E [y ∣ x] = \int f (x; w) p (w ∣ D) d w

V [y ∣ x] = \int ∥ f (x; w) - E [y ∣ x] ∥^{2} p (w ∣ D) d w + σ^{2}

近似推断方法

精确贝叶斯推断在高维神经网络中不可行，需要近似方法。

1. MC Dropout

由Gal & Ghahramani (2016)提出，是一种简单而有效的贝叶斯近似方法。²

理论基础

Dropout可以解释为变分推断的一种形式。Dropout网络最小化变分自由能：

F (θ) \approx - n = 1 \sum N lo g p (y^{(n)} ∣ x^{(n)}, θ) + \frac{1 - π}{π} i \sum θ_{i}^{2}

MC Dropout推断

def mc_dropout_predict(model, x, num_samples=50, dropout_prob=0.5):
    """
    MC Dropout预测
    """
    model.train()  # 开启dropout
    
    predictions = []
    for _ in range(num_samples):
        with torch.no_grad():
            y = model(x)
            predictions.append(y)
    
    predictions = torch.stack(predictions)  # [num_samples, batch, output_dim]
    
    # 预测均值
    mean = predictions.mean(dim=0)
    
    # 预测方差（认知不确定性）
    variance = predictions.var(dim=0)
    
    return mean, variance, predictions

不确定性估计

def estimate_uncertainty(model, x, y_true=None, num_samples=50):
    mean, variance, predictions = mc_dropout_predict(model, x, num_samples)
    
    # 认知不确定性
    epistemic = variance
    
    # 如果需要计算测试log似然
    if y_true is not None:
        # 边缘化预测分布
        log_likelihood = torch.distributions.Normal(mean, variance.sqrt()).log_prob(y_true).mean()
        return {
            'mean': mean,
            'epistemic_uncertainty': epistemic,
            'test_log_likelihood': log_likelihood
        }
    
    return {
        'mean': mean,
        'epistemic_uncertainty': epistemic
    }

MC Dropout的局限性

近似质量：Dropout近似可能不准确
训练-推断不一致：训练时使用Dropout，测试时也必须使用
方差估计：往往低估真实不确定性

2. 深度集成（Deep Ensembles）

Lakshminarayanan et al. (2017)提出使用多个独立训练的模型来估计不确定性。
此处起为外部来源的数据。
lemma walk_arc_in_H:
  "v \<in> src \<Longrightarrow> 0 < p \<Longrightarrow> p < length (\<pi> v) \<Longrightarrow> (\<pi> v ! (p - 1), \<pi> v ! p) \<in> H"
proof -
  assume "v \<in> src" "0 < p" "p < length (\<pi> v)"
  then have "(\<pi> v ! (p - 1), \<pi> v ! p) \<in> walk_arcs (\<pi> v)"
    unfolding walk_arcs_conv_nth by (intro exI[of _ "p - 1"]) simp
  with \<open>v \<in> src\<close> show ?thesis
    using walk_arcs_subset_H_arcs[of v V 0 B W] sources_subset less_B_iff by auto
qed

lemma H_arcE:
  assumes "(x, y) \<in> H"
  obtains v p where "v \<in> src" "Suc p < length (\<pi> v)" "\<pi> v ! p = x" "\<pi> v ! Suc p = y"
proof -
  obtain v r where "r < B v" "(x, y) \<in> walk_arcs (W v r)"
    using assms unfolding H_arcs_def by blast
  then show thesis using that less_B_iff unfolding walk_arcs_conv_nth by auto
qed

lemma H_arc_in_A: "(x, y) \<in> H \<Longrightarrow> (x, y) \<in> A"
proof (elim H_arcE)
  fix v p assume "v \<in> src" "Suc p < length (\<pi> v)" "\<pi> v ! p = x" "\<pi> v ! Suc p = y"
  then show ?thesis using walk_arc_into[of v "Suc p"] by simp
qed

lemma solution_connected:
  assumes "x \<in> V" "y \<in> V"
  shows "x \<in> H_verts V B W" "(x, y) \<in> (H \<union> H\<inverse>)\<^sup>*"
  using sol assms unfolding st_solution_def dsc_F_def by simp_all

lemma vertex_on_walk:
  assumes "x \<in> V"
  obtains v p where "v \<in> src" "p < length (\<pi> v)" "\<pi> v ! p = x"
proof -
  obtain v r where "r < B v" "x \<in> set (W v r)"
    using solution_connected(1)[OF assms assms] unfolding H_verts_def by blast
  then show thesis using that less_B_iff unfolding in_set_conv_nth by auto
qed

lemma walk_index_no_arc_into:
  assumes "v \<in> src" "p < length (\<pi> v)" "\<And>z. (z, \<pi> v ! p) \<notin> A"
  shows "p = 0"
  using walk_arc_into[OF assms(1) _ assms(2)] assms(3) by blast

lemma walk_index_nonsource: "v \<in> src \<Longrightarrow> \<pi> v ! p = x \<Longrightarrow> x \<notin> src \<Longrightarrow> 0 < p"
  using nth_0_walk by (cases p) auto

lemma nonsources: "Ui i \<notin> src" "Uij' i j \<notin> src" "Vij i j \<notin> src" "Vij' i j \<notin> src" "Zc \<notin> src"
  by (auto simp: dsc_sources_def)

lemma walk_index_Zc:
  assumes v: "v \<in> src" and p: "p < length (\<pi> v)" "\<pi> v ! p = Zc"
  shows "p = 1 \<and> (\<exists>l. v = Zl l)"
proof -
  have "0 < p" using walk_index_nonsource[OF v p(2)] nonsources by blast
  then have "(\<pi> v ! (p - 1), Zc) \<in> A" using walk_arc_into[OF v _ p(1)] p(2) by simp
  then obtain l where l: "\<pi> v ! (p - 1) = Zl l" using dsc_arcs_into_Zc by blast
  then have "p - 1 = 0"
    using walk_index_no_arc_into[OF v, of "p - 1"] p(1) dsc_arcs_into_source by (simp add: less_imp_diff_less)
  with \<open>0 < p\<close> l show ?thesis using nth_0_walk[OF v] by auto
qed

lemma walk_index_Ui:
  assumes v: "v \<in> src" and p: "p < length (\<pi> v)" "\<pi> v ! p = Ui a"
  shows "p = 1 \<and> (\<exists>j. v = Uij a j)"
proof -
  have "0 < p" using walk_index_nonsource[OF v p(2)] nonsources by blast
  then have "(\<pi> v ! (p - 1), Ui a) \<in> A" using walk_arc_into[OF v _ p(1)] p(2) by simp
  then obtain j where j: "\<pi> v ! (p - 1) = Uij a j" using dsc_arcs_into_Ui by blast
  then have "p - 1 = 0"
    using walk_index_no_arc_into[OF v, of "p - 1"] p(1) dsc_arcs_into_source by (simp add: less_imp_diff_less)
  with \<open>0 < p\<close> j show ?thesis using nth_0_walk[OF v] by auto
qed

lemma walk_index_Uij':
  assumes v: "v \<in> src" and p: "p < length (\<pi> v)" "\<pi> v ! p = Uij' a t"
  shows "p = 2 \<and> (\<exists>j. v = Uij a j)"
proof -
  have "0 < p" using walk_index_nonsource[OF v p(2)] nonsources by blast
  then have "(\<pi> v ! (p - 1), Uij' a t) \<in> A" using walk_arc_into[OF v _ p(1)] p(2) by simp
  then have "\<pi> v ! (p - 1) = Ui a" using dsc_arcs_into_Uij' by blast
  then have "p - 1 = 1 \<and> (\<exists>j. v = Uij a j)" using walk_index_Ui[OF v, of "p - 1"] p(1) by simp
  then show ?thesis by auto
qed

lemma walk_index_Vij_vertical:
  assumes v: "v \<in> src" and p: "p < length (\<pi> v)" "\<pi> v ! p = Vij a t"
    and not_horiz: "\<And>z. (z, Vij a t) \<in> walk_arcs (horiz_path S t) \<Longrightarrow> (z, Vij a t) \<notin> H"
  shows "p = 3 \<and> \<pi> v ! 2 = Uij' a t \<and> (\<exists>j. v = Uij a j)"
proof -
  have "0 < p" using walk_index_nonsource[OF v p(2)] nonsources by blast
  then have "(\<pi> v ! (p - 1), Vij a t) \<in> A" "(\<pi> v ! (p - 1), Vij a t) \<in> H"
    using walk_arc_into[OF v _ p(1)] walk_arc_in_H[OF v _ p(1)] p(2) by auto
  then have "\<pi> v ! (p - 1) = Uij' a t"
    using dsc_arcs_into_Vij not_horiz by blast
  then have "p - 1 = 2 \<and> (\<exists>j. v = Uij a j)" using walk_index_Uij'[OF v, of "p - 1"] p(1) by simp
  with \<open>\<pi> v ! (p - 1) = Uij' a t\<close> show ?thesis by auto
qed

lemma src_Uij: "Uij a j \<in> src \<longleftrightarrow> a \<in> {1..n} \<and> j \<in> idx_I m S a"
  by (auto simp: dsc_sources_def)

lemma vert_path_subset: "a \<in> {1..n} \<Longrightarrow> j \<in> idx_I m S a \<Longrightarrow> set (vert_path a j) \<subseteq> V"
  unfolding vert_path_def dsc_verts_def by auto

text \<open>Every u'_{a,t} must be visited, and only at the third vertex of a walk from some u_{a,j};
  as there are equally many of both, the third vertices of these walks are pairwise distinct.\<close>
lemma inj_on_third_vertex:
  assumes a: "a \<in> {1..n}"
  shows "inj_on (\<lambda>j. \<pi> (Uij a j) ! 2) (idx_I m S a)"
proof (rule eq_card_imp_inj_on)
  let ?I = "idx_I m S a" and ?g = "\<lambda>j. \<pi> (Uij a j) ! 2"
  show fin: "finite ?I" unfolding idx_I_def by simp
  have "Uij' a ` ?I \<subseteq> ?g ` ?I"
  proof
    fix x assume "x \<in> Uij' a ` ?I"
    then obtain t where t: "t \<in> ?I" "x = Uij' a t" by blast
    then have "x \<in> V" using vert_path_subset[OF a] by (auto simp: vert_path_def)
    then obtain v p where vp: "v \<in> src" "p < length (\<pi> v)" "\<pi> v ! p = x"
      by (rule vertex_on_walk)
    with t walk_index_Uij' obtain j where "p = 2" "v = Uij a j" by blast
    with vp src_Uij show "x \<in> ?g ` ?I" by auto
  qed
  then have "card (Uij' a ` ?I) \<le> card (?g ` ?I)"
    by (intro card_mono finite_imageI fin)
  then have "card ?I \<le> card (?g ` ?I)"
    by (simp add: card_image inj_on_def)
  then show "card (?g ` ?I) = card ?I" using card_image_le[OF fin, of ?g] by simp
qed

lemma horiz_path_nth_Suc:
  assumes "t \<in> {1..m}" "Suc q < length (horiz_path S t)"
  obtains a where "a \<in> S t" "horiz_path S t ! Suc q = Vij a t"
proof -
  have "horiz_path S t ! Suc q \<in> set (tl (horiz_path S t))"
    using assms(2) by (simp add: nth_tl[symmetric])
  then show thesis
    using that finite_S[OF assms(1)] by (auto simp: set_tl_horiz_path)
qed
³

方法

训练 $M$ 个独立模型，每个模型初始化不同：

class EnsembleModel(nn.Module):
    def __init__(self, base_model, num_models=5):
        super().__init__()
        self.models = nn.ModuleList([
            copy.deepcopy(base_model) for _ in range(num_models)
        ])
    
    def forward(self, x):
        predictions = [model(x) for model in self.models]
        return torch.stack(predictions)
    
    def predict(self, x):
        preds = self.forward(x)  # [num_models, batch, output]
        
        mean = preds.mean(dim=0)
        variance = preds.var(dim=0)
        
        return mean, variance

不确定性分解

def ensemble_uncertainty(predictions, y_true=None):
    """
    深度集成的完整不确定性量化
    predictions: [num_models, batch_size, output_dim]
    """
    # 预测均值
    mean = predictions.mean(dim=0)
    
    # 认知不确定性（模型间方差）
    epistemic = predictions.var(dim=0)
    
    # 预测方差（加权平均）
    avg_pred_var = torch.distributions.Normal(
        predictions.mean(dim=0), 
        predictions.std(dim=0)
    ).variance
    
    # 总不确定性
    total_uncertainty = avg_pred_var + epistemic
    
    if y_true is not None:
        # 测试NLL
        nll = -torch.distributions.Normal(mean, torch.sqrt(total_uncertainty)).log_prob(y_true).mean()
        
        return {
            'mean': mean,
            'total_uncertainty': total_uncertainty,
            'epistemic': epistemic,
            'aleatoric': avg_pred_var,
            'test_nll': nll
        }
    
    return {
        'mean': mean,
        'total_uncertainty': total_uncertainty,
        'epistemic': epistemic
    }

3. 多样性诱导方法

集成效果的关键在于模型的多样性。

随机权重初始化

def train_diverse_ensembles(model_class, train_loader, num_models=5):
    ensembles = []
    for i in range(num_models):
        # 不同随机种子
        torch.manual_seed(42 + i * 17)
        torch.cuda.manual_seed(42 + i * 17)
        
        model = model_class()
        # 使用不同的初始化
        
        # 训练
        train_model(model, train_loader, epochs=100)
        ensembles.append(model)
    
    return ensembles

数据增强多样性

每个子模型使用不同的数据增强策略：

class AugmentedEnsemble:
    def __init__(self, augmentations_list):
        self.augmentations = augmentations_list
    
    def train(self, model, x, y, model_idx):
        # 对应子模型使用特定的增强
        aug = self.augmentations[model_idx]
        x_aug = aug(x)
        # 训练...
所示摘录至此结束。